13 March 2009 - Leave a Response

“My Laws are My Whores.”

When I walked into Paul Chan’s exhibit at the Renaissance Society, I expected to see nine portraits of the Justices of the Supreme Court, which I had seen reproduced alongside newspaper reviews and press releases. It took me fifteen minutes of walking around the small gallery to realize that the portraits were hung at the absurd height of several meters high. At such a height, the portraits did not seem like lords ruling above we lowly serfs, but rather made them comically cut off, as if they existed in a higher atmosphere, like aristocrats in hot air balloons breathing the finer aether of the upper air. The drawings, which have the look of an official portrait, betray themselves; each justice has a pair of rubbery lips curled in an odd smirk, looking like a slightly embarrassed fish. Despite the pristine order of the Renaissance Society gallery, Chan managed to evoke the tawdriness of a bureaucratic hallway.  Rather than the grandeur of the Supreme Court’s chamber, the installation recalls the awkwardly proportioned halls of the court in Kafka’s The Trial.
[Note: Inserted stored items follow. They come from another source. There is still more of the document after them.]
lemma affordable_step_flip:
  assumes "finite E" "\<forall>e\<in>E. w e \<ge> 0"
    and "tokens_on_paths E k t xs (B @ [x]) F" "B \<noteq> []"
    and "j \<in> {1..k}" "(last B, x) \<in> path_edges (F j)"
  shows "\<exists>xs' B' F'. affordable_step E w k t xs (B @ [x]) F xs' B' F'"
proof -
  note Bx = tokens_on_paths_backward_path[OF assms(3,4)]
  have Fj: "is_path E (F j) (xs ! j) t" and j: "j < length xs" "j \<noteq> 0"
    using assms(3,5) unfolding tokens_on_paths_def by auto
  obtain r1 r2 where Fj_eq: "F j = (r1 @ [last B]) @ x # r2"
    using assms(6) unfolding mem_path_edges_iff by auto
  have "set B \<inter> set (r1 @ [last B]) \<noteq> {}" using assms(4) by simp
  then obtain B1 v B2 a1 a2 where B_eq: "B = B1 @ v # B2" and r1_eq: "r1 @ [last B] = a1 @ v # a2"
    and B1_r1: "set B1 \<inter> set (r1 @ [last B]) = {}"
    by (rule split_at_first_common_vertex)
  have "x \<notin> set B1" using Bx(4) unfolding B_eq by simp
  with B1_r1 have B1_disjoint: "set B1 \<inter> set (r1 @ [last B, x]) = {}" by auto
  have "is_path E (a1 @ v # (a2 @ x # r2)) (xs ! j) t" using Fj Fj_eq r1_eq by simp
  then have prefix: "is_path E (a1 @ [v]) (xs ! j) v" and detour: "is_path E (v # a2 @ [x]) v x"
    using is_path_appendD(1)[of E "v # a2" x r2 v t] by (auto dest: is_path_appendD)
  let ?xs' = "xs[0 := v, j := x]" and ?B' = "B1 @ [v]" and ?F' = "F(j := x # r2)"
  have "tokens_on_paths E k t ?xs' ?B' ?F'"
    using assms(3) is_path_appendD(1)[OF Bx(2)[unfolded B_eq]] is_path_appendD(2)[OF Fj[unfolded Fj_eq]] j
    unfolding tokens_on_paths_def by auto
  moreover have "paths_size k ?B' ?F' < paths_size k (B @ [x]) F"
  proof -
    have "(\<Sum>i\<in>{1..k}. length (?F' i)) \<le> (\<Sum>i\<in>{1..k}. length (F i))"
      using Fj_eq by (intro sum_mono) auto
    then show ?thesis unfolding paths_size_def B_eq by simp
  qed
  moreover have "token_reach E w k xs ?xs' (ereal (path_weight w (a1 @ [v])) + sp_dist E w v x)"
    using token_reach_forward_then_flip[OF assms(5) j(1), of "a1 @ [v]"] prefix Bx(1)
    by (simp add: is_path_iff)
  moreover have "ereal (path_weight w (a1 @ [v])) + sp_dist E w v x + ereal (scss_cost E w k ?F' ?B')
      \<le> ereal (scss_cost E w k F (B @ [x]))"
  proof -
    have disjoint: "path_edges ((r1 @ [last B]) @ [x]) \<inter> path_edges ?B' = {}"
      using B1_disjoint path_edges_subset[of "r1 @ [last B, x]"] by (force dest: path_edges_snoc_fst)
    have "B @ [x] = B1 @ v # (B2 @ [x])" using B_eq by simp
    then have B'_sub: "path_edges ?B' \<subseteq> path_edges (B @ [x])"
      using path_edges_append[of B1 v "B2 @ [x]"] by simp
    have "distinct (F j)" "path_edges (F j) \<subseteq> E" using Fj by (simp_all add: is_path_iff)
    then have "scss_cost E w k ?F' ?B' + path_weight w ((r1 @ [last B]) @ [x]) \<le> scss_cost E w k F (B @ [x])"
      by (rule scss_cost_truncate[where F = F, OF assms(1,2,5) Fj_eq _ _ B'_sub disjoint])
    moreover have "path_weight w (r1 @ [last B, x]) = path_weight w (a1 @ [v]) + path_weight w (v # a2 @ [x])"
      using r1_eq path_weight_append[of w a1 v "a2 @ [x]"] by (metis append_Cons append_assoc append_Nil)
    ultimately have cost: "path_weight w (a1 @ [v]) + path_weight w (v # a2 @ [x]) + scss_cost E w k ?F' ?B'
        \<le> scss_cost E w k F (B @ [x])" by simp
    have "sp_dist E w v x \<le> ereal (path_weight w (v # a2 @ [x]))"
      using detour by (rule sp_dist_le_path_weight)
    then have "ereal (path_weight w (a1 @ [v])) + sp_dist E w v x + ereal (scss_cost E w k ?F' ?B')
        \<le> ereal (path_weight w (a1 @ [v])) + ereal (path_weight w (v # a2 @ [x])) + ereal (scss_cost E w k ?F' ?B')"
      by (intro add_mono order.refl)
    also have "\<dots> \<le> ereal (scss_cost E w k F (B @ [x]))"
      using cost by simp
    finally show ?thesis .
  qed
  ultimately show ?thesis unfolding affordable_step_def by blast
qed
0305091320aMy Laws Are My Whores, installation view.

0305091320_01My Laws Are My Whores.

On the opposite side of this wall is a video projection, Untitled (After a Certain Chateau), a reference perhaps to the castle in the Marquis de Sade’s 120 Days of Sodom. In the video, human figures vibrate furiously in sexual positions amidst the silhouettes of rectangles and arches. The shapes signify perhaps windows, perhaps portraits, a chateau or a portrait gallery. Either way, they connote the “official space” of an institution, though apparently an ill-kept one: slowly, one at a time, the rectangles begin to tilt and eventually fall off the wall altogether. The figures, meanwhile, continue their revelries at an inhuman speed. The effect is like a video stuck alternating between two frames, so the figures appear to vibrate, constantly caught replaying some tiny movement, unable either to abandon or complete it. The revelers seem to repeatedly flip between the two poles of Sade’s sexuality, the libertine excess and its ultimate disappointment. Desire, once excited, imagines endless repetitions, but once satiated, as Sade wrote, “one always has too much when one has had enough.” No matter how transgressive, every sexual act becomes mundane with infinite repetition. The only thing desire cannot withstand is satiety. The limit to transgression, the point at which it is completely self-defeating, is the act of murder, which renders the object of torture (and the torturer’s pleasure) numb and inert.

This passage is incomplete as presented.